Urea pharmacokinetic equation systems have contributed to better understanding of treatment dose among hemodialysis patients. The methods are indirect, however, and require the measurement of blood urea nitrogen (BUN) concentration before and after a dialysis session to estimate the total treatment dose that clinicians prescribe [urea clearance x dialysis time (Kt)] indexed to an estimate of body size [the volume of urea distribution in the body (V)] yielding the ratio, Kt/V. New technology permits direct on-line measurement of average small molecule clearance (Kecn) during each dialysis treatment that can be multiplied by time (t) to give a direct measurement of total treatment dose (Kt). This study evaluated the relationship of measured Kt with death risk. It also evaluated the relationship of simple body size measures to risk and also the combination of one such measure [body surface area (BSA)] with Kt to death risk.

METHODS:

The data were taken from the Fresenius Medical Care (NA) (FMCNA) clinical database that included patients who had outcome data, height and weight measurements, and at least one average Kecn and t measurement during April 2002. Kecn, t, and the body size measures [body weight, body mass index (BMI), and BSA)] were averaged during the month.
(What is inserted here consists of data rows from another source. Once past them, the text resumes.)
lemma orbit_chain_row_interval:
  assumes L: "1 \<le> L" "L < n" and X: "X \<in> intervals_of_length n L"
  shows "orbit_of (chain_row n) X = intervals_of_length n L \<union> intervals_of_length n (n-L)"
    (is "?O = ?U")
proof
  have "1 \<le> n - L" "n - L < n" "n - (n - L) = L" using L by auto
  then have "chain_row n Y \<in> ?U" if "Y \<in> ?U" for Y
    using that chain_row_intervals_of_length[OF L(1,2), of Y]
      chain_row_intervals_of_length[of "n-L" n Y] by auto
  then have "chain_row n ` ?U \<subseteq> ?U" by blast
  then show "?O \<subseteq> ?U" using X by (intro orbit_of_subset) auto
  obtain a b where ab: "X = {a..b}" "1 \<le> a" "b \<le> n" "b + 1 = a + L"
    using X unfolding intervals_of_length_def by blast
  have "{a + (n - b)..b + (n - b)} \<in> ?O"
    unfolding ab(1) using L ab by (intro chain_row_shift_in_orbit) auto
  moreover have "a + (n - b) = n + 1 - L" "b + (n - b) = n" using ab by auto
  ultimately have "{n+1-L..n} \<in> ?O" by simp
  moreover have "chain_row n {n+1-L..n} = {1..n-L}" using L by (simp add: chain_row_wrap)
  ultimately have "{1..n-L} \<in> ?O" by (metis orbit_of_step)
  moreover have "intervals_of_length n (n-L) \<subseteq> orbit_of (chain_row n) {1..n-L}"
    using L by (intro intervals_of_length_subset_orbit) simp
  ultimately have low: "intervals_of_length n (n-L) \<subseteq> ?O" by (blast intro: orbit_of_trans)
  have "{L+1..n} \<in> ?O" using L by (intro subsetD[OF low] intervals_of_lengthI) auto
  moreover have "chain_row n {L+1..n} = {1..L}" using L by (simp add: chain_row_wrap)
  ultimately have "{1..L} \<in> ?O" by (metis orbit_of_step)
  then have "intervals_of_length n L \<subseteq> ?O"
    using intervals_of_length_subset_orbit[OF L(1), of n] by (blast intro: orbit_of_trans)
  with low show "?U \<subseteq> ?O" by blast
qed

lemma orbit_chain_row_interval_cases:
  assumes "1 \<le> a" "a \<le> b" "b \<le> n" "b + 1 - a < n"
  obtains k where "1 \<le> k" "2 * k < n" "orbit_of (chain_row n) {a..b} = orbit_b n k"
  | "even n" "orbit_of (chain_row n) {a..b} = orbit_c n"
proof -
  define L where "L = b + 1 - a"
  have L: "1 \<le> L" "L < n" "{a..b} \<in> intervals_of_length n L"
    using assms by (auto simp: L_def intro: intervals_of_lengthI)
  then have orbit:
    "orbit_of (chain_row n) {a..b} = intervals_of_length n L \<union> intervals_of_length n (n-L)"
    by (simp add: orbit_chain_row_interval)
  consider "2 * L < n" | "2 * L = n" | "n < 2 * L" by linarith
  then show ?thesis
  proof cases
    case 1 then show ?thesis using L orbit that(1) by (simp add: orbit_b_eq)
  next
    case 2
    then have "even n" "2 \<le> n" "n - L = L" "n div 2 = L" using L by auto
    then show ?thesis using orbit that(2) by (simp add: orbit_c_eq)
  next
    case 3
    then have "1 \<le> n - L" "2 * (n - L) < n" "n - (n - L) = L" using L by auto
    then show ?thesis using L orbit that(1)[of "n - L"] by (simp add: orbit_b_eq Un_commute)
  qed
qed

lemma orbits_chain_row:
  assumes "1 \<le> n"
  shows "orbits (chain_row n) (IC {1..n} (\<le>)) =
    {{{}, {1..n}}} \<union> {orbit_b n k | k. 1 \<le> k \<and> 2 * k < n} \<union> (if even n then {orbit_c n} else {})"
    (is "?L = ?R")
proof
  have pair: "orbit_of (chain_row n) {} = {{}, {1..n}}" "orbit_of (chain_row n) {1..n} = {{}, {1..n}}"
    using orbit_of_swap[OF chain_row_empty[of n] chain_row_full[of n]]
      orbit_of_swap[OF chain_row_full[of n] chain_row_empty[of n]]
    by (simp_all add: insert_commute)
  show "?L \<subseteq> ?R"
  proof
    fix Y assume "Y \<in> ?L"
    then obtain X where X: "X \<in> IC {1..n} (\<le>)" and Y: "Y = orbit_of (chain_row n) X"
      unfolding orbits_def by blast
    show "Y \<in> ?R"
    proof (cases "X = {}")
      case False
      then obtain a b where ab: "X = {a..b}" "1 \<le> a" "a \<le> b" "b \<le> n"
        using X unfolding IC_chain by blast
      show ?thesis
      proof (cases "b + 1 - a < n")
        case True
        then show ?thesis
        proof (rule orbit_chain_row_interval_cases[OF ab(2-4)])
          fix k assume "1 \<le> k" "2 * k < n" "orbit_of (chain_row n) {a..b} = orbit_b n k"
          then show ?thesis using Y ab(1) by blast
        qed (use Y ab(1) in simp)
      next
        case False
        then have "X = {1..n}" using ab by auto
        then show ?thesis using Y pair by simp
      qed
    qed (use Y pair in simp)
  qed
  have IC: "{} \<in> IC {1..n} (\<le>)" "\<And>k. 1 \<le> k \<Longrightarrow> k \<le> n \<Longrightarrow> {1..k} \<in> IC {1..n} (\<le>)"
    unfolding IC_chain by blast+
  have "orbit_b n k \<in> ?L" if "1 \<le> k" "2 * k < n" for k
  proof -
    have "orbit_b n k = orbit_of (chain_row n) {1..k}"
      using that by (simp add: orbit_b_eq orbit_chain_row_interval intervals_of_lengthI)
    then show ?thesis using IC(2)[of k] that unfolding orbits_def by simp
  qed
  moreover have "orbit_c n \<in> ?L" if "even n"
  proof -
    have "orbit_c n = orbit_of (chain_row n) {1..n div 2}"
      using that assms by (auto simp: orbit_c_eq orbit_chain_row_interval intervals_of_lengthI)
    moreover have "1 \<le> n div 2" using that assms by presburger
    ultimately show ?thesis using IC(2)[of "n div 2"] unfolding orbits_def by simp
  qed
  moreover have "{{}, {1..n}} \<in> ?L" using IC(1) pair unfolding orbits_def by (metis image_eqI)
  ultimately show "?R \<subseteq> ?L" by auto
qed

lemma card_orbit_b: "1 \<le> k \<Longrightarrow> 2 * k < n \<Longrightarrow> card (orbit_b n k) = n + 2"
  by (simp add: orbit_b_eq card_intervals_of_length_union)

lemma card_orbit_c: "even n \<Longrightarrow> 2 \<le> n \<Longrightarrow> card (orbit_c n) = (n + 2) div 2"
  by (auto simp: orbit_c_eq card_intervals_of_length)

lemma card_orbit_b_indices: "card {k::nat. 1 \<le> k \<and> 2 * k < n} = (n - 1) div 2"
proof -
  have "{k::nat. 1 \<le> k \<and> 2 * k < n} = {1..(n - 1) div 2}" by auto
  then show ?thesis by simp
qed

lemma map_order_chain_row_dvd:
  assumes "1 \<le> n" "2 dvd m" "n + 2 dvd m" "even n \<Longrightarrow> (n + 2) div 2 dvd m"
  shows "map_order (chain_row n) (IC {1..n} (\<le>)) dvd m"
proof (rule map_order_dvd)
  fix Y assume "Y \<in> orbits (chain_row n) (IC {1..n} (\<le>))"
  then consider "Y = {{}, {1..n}}" | k where "Y = orbit_b n k" "1 \<le> k" "2 * k < n"
    | "even n" "Y = orbit_c n"
    unfolding orbits_chain_row[OF assms(1)] by (auto split: if_splits)
  then show "card Y dvd m"
  proof cases
    case 1
    then have "card Y = 2" using assms(1) by auto
    then show ?thesis using assms(2) by simp
  next
    case 2
    then show ?thesis using assms(3) by (simp add: card_orbit_b)
  next
    case 3
    then have "2 \<le> n" using assms(1) by presburger
    then show ?thesis using 3 assms(4) by (simp add: card_orbit_c)
  qed
qed

theorem theorem3p2:
  fixes n :: nat
  assumes "n \<ge> 1"
  shows "chain_row n {} = {1..n} \<and> chain_row n {1..n} = {}
    \<and> (\<forall>i j. 1 \<le> i \<and> i \<le> j \<and> j < n \<longrightarrow> chain_row n {i..j} = {i+1..j+1})
    \<and> (\<forall>i. 2 \<le> i \<and> i \<le> n \<longrightarrow> chain_row n {i..n} = {1..i-1})
    \<and> orbits (chain_row n) (IC {1..n} (\<le>)) =
        {{{}, {1..n}}} \<union> {orbit_b n k | k. 1 \<le> k \<and> 2 * k < n}
        \<union> (if even n then {orbit_c n} else {})
    \<and> card {{}, {1..n}} = 2
    \<and> card {k::nat. 1 \<le> k \<and> 2 * k < n} = (n - 1) div 2
    \<and> (\<forall>k. 1 \<le> k \<and> 2 * k < n \<longrightarrow> card (orbit_b n k) = n + 2)
    \<and> (even n \<longrightarrow> card (orbit_c n) = (n + 2) div 2)
    \<and> (odd n \<longrightarrow> map_order (chain_row n) (IC {1..n} (\<le>)) dvd 2 * (n + 2))
    \<and> (even n \<longrightarrow> map_order (chain_row n) (IC {1..n} (\<le>)) dvd n + 2)"
proof -
  have even_ge_2: "even n \<Longrightarrow> 2 \<le> n" using assms by presburger
  have half_dvd: "(n + 2) div 2 dvd n + 2" if "even n"
    using that dvd_triv_left[of "(n + 2) div 2" 2] by simp
  have "n + 2 dvd 2 * (n + 2)" by (rule dvd_triv_right)
  then have order_odd: "odd n \<longrightarrow> map_order (chain_row n) (IC {1..n} (\<le>)) dvd 2 * (n + 2)"
    using assms by (intro impI map_order_chain_row_dvd) auto
  have order_even: "even n \<longrightarrow> map_order (chain_row n) (IC {1..n} (\<le>)) dvd n + 2"
    using assms half_dvd by (intro impI map_order_chain_row_dvd) auto
  show ?thesis
    by (intro conjI order_odd order_even orbits_chain_row[OF assms] chain_row_empty chain_row_full
        card_orbit_b_indices allI impI chain_row_shift chain_row_wrap card_orbit_b card_orbit_c)
      (use assms even_ge_2 in auto)
qed

end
Those values were used as predictors of survival during the next 1 year in unadjusted and case mix adjusted proportional hazards (Cox) models.

RESULTS:

Increasing values of Kecn, t, Kt and all of the body size measures were associated with lower death risk. The body size measure most closely associated with risk was the BSA that was used in subsequent models. Kt and BSA were independent risk predictors. There was a significant interaction between Kt and BSA in the case mix but not the unadjusted model indicating that the risk burden of lower total dialysis dose, Kt, may be greater among small than large patients.

CONCLUSION:

The direct measurement of dialysis dose during each treatment is practical and the values reported by it are clinically relevant. Higher dose was associated with better survival in both small and large patients treated three times weekly. Furthermore, smaller patients may require proportionately greater total dose than larger patients to achieve comparable survival.